Work task:
Pick out all lines in the listing holding the string "dots" and copy them.

The data:
lemma has_integral_cos_even_multiple:
  assumes "k \<ge> 1"
  shows "((\<lambda>\<eta>. cos (2 * real k * \<eta>)) has_integral 0) {0..pi}"
proof -
  have "((\<lambda>\<eta>. cos (2 * real k * \<eta>)) has_integral
          (sin (2 * real k * pi) / (2 * real k) - sin (2 * real k * 0) / (2 * real k))) {0..pi}"
    using assms
    by (intro fundamental_theorem_of_calculus)
       (auto intro!: derivative_eq_intros simp flip: has_real_derivative_iff_has_vector_derivative)
  moreover have "sin (2 * real k * pi) = 0"
    using sin_npi[of "2 * k"] by simp
  ultimately show ?thesis by simp
qed

lemma power2_mult_exp_neg_le:
  fixes u :: real
  assumes "u \<ge> 0"
  shows "u\<^sup>2 * exp (- u) \<le> 4"
proof -
  have "u / 2 \<le> exp (u / 2)"
    using exp_ge_add_one_self[of "u / 2"] by linarith
  then have "(u / 2)\<^sup>2 \<le> (exp (u / 2))\<^sup>2"
    using assms by (intro power_mono) auto
  also have "(exp (u / 2))\<^sup>2 = exp u"
    by (simp add: power2_eq_square flip: exp_add)
  finally have "u\<^sup>2 \<le> 4 * exp u"
    by (simp add: power_divide)
  then show ?thesis
    by (simp add: exp_minus field_simps)
qed

lemma has_integral_phi_re_diff:
  "((\<lambda>\<eta>. exp (- 2 * y * sin \<eta>) * (cos (2 * real m * \<eta>) - cos (2 * real (Suc m) * \<eta>)))
      has_integral (phi_re m y - phi_re (Suc m) y)) {0..pi}"
  using has_integral_diff[OF has_integral_phi_re[of y m] has_integral_phi_re[of y "Suc m"]]
  by (simp add: algebra_simps)

text \<open>Subtracting \<open>\<integral> (cos (2 m \<eta>) - cos (2 (m + 1) \<eta>)) = 0\<close> replaces the weight by
  \<open>exp (-2 y sin \<eta>) - 1 = O(y)\<close>.\<close>
lemma abs_phi_re_diff_le_linear:
  assumes "m \<ge> 1" and "y \<ge> 0"
  shows "\<bar>phi_re m y - phi_re (Suc m) y\<bar> \<le> 4 * pi * y"
proof -
  let ?c = "\<lambda>\<eta>. cos (2 * real m * \<eta>) - cos (2 * real (Suc m) * \<eta>)"
  have cos_int: "(?c has_integral 0) {0..pi}"
    using has_integral_diff[OF has_integral_cos_even_multiple[of m] has_integral_cos_even_multiple[of "Suc m"]]
      assms by simp
  have int: "((\<lambda>\<eta>. (exp (- 2 * y * sin \<eta>) - 1) * ?c \<eta>)
               has_integral (phi_re m y - phi_re (Suc m) y)) {0..pi}"
    using has_integral_diff[OF has_integral_phi_re_diff[of y m] cos_int] by (simp add: algebra_simps)
  have "norm (phi_re m y - phi_re (Suc m) y) \<le> (4 * y) * measure lborel {0..pi}"
  proof (rule has_integral_bound_real[OF _ _ int, where S = "{}"])
    fix \<eta> assume "\<eta> \<in> {0..pi} - {}"
    then have sin: "0 \<le> sin \<eta>" "sin \<eta> \<le> 1"
      by (auto intro: sin_ge_zero)
    have "\<bar>exp (- 2 * y * sin \<eta>) - 1\<bar> = 1 - exp (- (2 * y * sin \<eta>))"
      using sin assms by simp
    also have "\<dots> \<le> 2 * y * sin \<eta>"
      using exp_ge_add_one_self[of "- (2 * y * sin \<eta>)"] by linarith
    also have "\<dots> \<le> 2 * y"
      using sin assms by (simp add: mult_left_le)
    finally have "\<bar>exp (- 2 * y * sin \<eta>) - 1\<bar> \<le> 2 * y" .
    moreover have "\<bar>?c \<eta>\<bar> \<le> 2"
      using abs_cos_le_one[of "2 * real m * \<eta>"] abs_cos_le_one[of "2 * real (Suc m) * \<eta>"] by linarith
    ultimately show "norm ((exp (- 2 * y * sin \<eta>) - 1) * ?c \<eta>) \<le> 4 * y"
      unfolding real_norm_def abs_mult using mult_mono[of _ "2 * y" _ 2] assms by simp
  qed (use assms in auto)
  then show ?thesis
    by (simp add: mult_ac)
qed

text \<open>Here \<open>cos (2 m \<eta>) - cos (2 (m + 1) \<eta>) = 2 sin ((2 m + 1) \<eta>) sin \<eta> = O(sin\<^sup>2 \<eta>)\<close>, and
  \<open>sin\<^sup>2 \<eta> exp (-2 y sin \<eta>) \<le> 1 / y\<^sup>2\<close>.\<close>
lemma abs_phi_re_diff_le_inverse_square:
  assumes "y > 0"
  shows "\<bar>phi_re m y - phi_re (Suc m) y\<bar> \<le> 2 * pi * (2 * real m + 1) / y\<^sup>2"
proof -
  have "norm (phi_re m y - phi_re (Suc m) y) \<le> (2 * (2 * real m + 1) / y\<^sup>2) * measure lborel {0..pi}"
  proof (rule has_integral_bound_real[OF _ _ has_integral_phi_re_diff, where S = "{}"])
    fix \<eta> assume "\<eta> \<in> {0..pi} - {}"
    then have sin: "sin \<eta> \<ge> 0"
      by (auto intro: sin_ge_zero)
    have "(2 * real m * \<eta> + 2 * real (Suc m) * \<eta>) / 2 = real (2 * m + 1) * \<eta>"
      "(2 * real (Suc m) * \<eta> - 2 * real m * \<eta>) / 2 = \<eta>"
      by (simp_all add: field_simps)
    then have "cos (2 * real m * \<eta>) - cos (2 * real (Suc m) * \<eta>) = 2 * sin (real (2 * m + 1) * \<eta>) * sin \<eta>"
      by (simp only: cos_diff_cos)
    then have "\<bar>cos (2 * real m * \<eta>) - cos (2 * real (Suc m) * \<eta>)\<bar>
        = 2 * \<bar>sin (real (2 * m + 1) * \<eta>)\<bar> * sin \<eta>"
      using sin by (simp add: abs_mult)
    also have "\<dots> \<le> 2 * (real (2 * m + 1) * sin \<eta>) * sin \<eta>"
      using abs_sin_of_nat_mult_le[of "2 * m + 1" \<eta>] sin by (intro mult_right_mono) auto
    finally have cos: "\<bar>cos (2 * real m * \<eta>) - cos (2 * real (Suc m) * \<eta>)\<bar>
        \<le> 2 * (2 * real m + 1) * (sin \<eta>)\<^sup>2"
      by (simp add: power2_eq_square algebra_simps)
    have "(2 * y * sin \<eta>)\<^sup>2 * exp (- (2 * y * sin \<eta>)) \<le> 4"
      using sin assms by (intro power2_mult_exp_neg_le) simp
    then have exp: "(sin \<eta>)\<^sup>2 * exp (- 2 * y * sin \<eta>) \<le> 1 / y\<^sup>2"
      using assms by (simp add: power_mult_distrib field_simps)
    have "\<bar>exp (- 2 * y * sin \<eta>) * (cos (2 * real m * \<eta>) - cos (2 * real (Suc m) * \<eta>))\<bar>
        \<le> exp (- 2 * y * sin \<eta>) * (2 * (2 * real m + 1) * (sin \<eta>)\<^sup>2)"
      unfolding abs_mult abs_exp_cancel using cos by (intro mult_left_mono) auto
    also have "\<dots> = 2 * (2 * real m + 1) * ((sin \<eta>)\<^sup>2 * exp (- 2 * y * sin \<eta>))"
      by simp
    also have "\<dots> \<le> 2 * (2 * real m + 1) * (1 / y\<^sup>2)"
      using exp by (intro mult_left_mono) auto
    finally show "norm (exp (- 2 * y * sin \<eta>) * (cos (2 * real m * \<eta>) - cos (2 * real (Suc m) * \<eta>)))
        \<le> 2 * (2 * real m + 1) / y\<^sup>2"
      by simp
  qed simp_all
  then show ?thesis
    by (simp add: field_simps)
qed

subsection \<open>Sine integrals against nonincreasing functions\<close>

lemma deriv_nonpos_if_convex_and_tendsto:
  fixes f' f'' :: "real \<Rightarrow> real"
  assumes f'_deriv: "\<And>x. x > 0 \<Longrightarrow> (f' has_real_derivative f'' x) (at x)"
    and f''_nonneg: "\<And>x. x > 0 \<Longrightarrow> f'' x \<ge> 0"
    and lim: "((\<lambda>x. x * f' x) \<longlongrightarrow> 0) at_top"
    and "x0 > 0"
  shows "f' x0 \<le> 0"
proof (rule ccontr)
  assume "\<not> f' x0 \<le> 0"
  then have pos: "f' x0 > 0" by simp
  have "eventually (\<lambda>x. \<bar>x * f' x\<bar> < x0 * f' x0) at_top"
    using lim pos \<open>x0 > 0\<close> by (simp add: tendsto_iff dist_real_def)
  moreover have "eventually (\<lambda>x. x \<ge> x0) at_top"
    by (rule eventually_ge_at_top)
  ultimately obtain x where x: "\<bar>x * f' x\<bar> < x0 * f' x0" "x \<ge> x0"
    by (metis (mono_tags, lifting) eventually_at_top_linorder linorder_linear)
  have "f' x0 \<le> f' x"
    by (rule deriv_nonneg_imp_mono[of x0 x f' f'']) (use x \<open>x0 > 0\<close> f'_deriv f''_nonneg in auto)
  then have "x0 * f' x0 \<le> x * f' x"
    using x \<open>x0 > 0\<close> pos by (intro mult_mono) auto
  then show False
    using x by linarith
qed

Solution below:
    also have "\<dots> \<le> 2 * y * sin \<eta>"
    also have "\<dots> \<le> 2 * y"
    also have "\<dots> \<le> 2 * (real (2 * m + 1) * sin \<eta>) * sin \<eta>"
    also have "\<dots> = 2 * (2 * real m + 1) * ((sin \<eta>)\<^sup>2 * exp (- 2 * y * sin \<eta>))"
    also have "\<dots> \<le> 2 * (2 * real m + 1) * (1 / y\<^sup>2)"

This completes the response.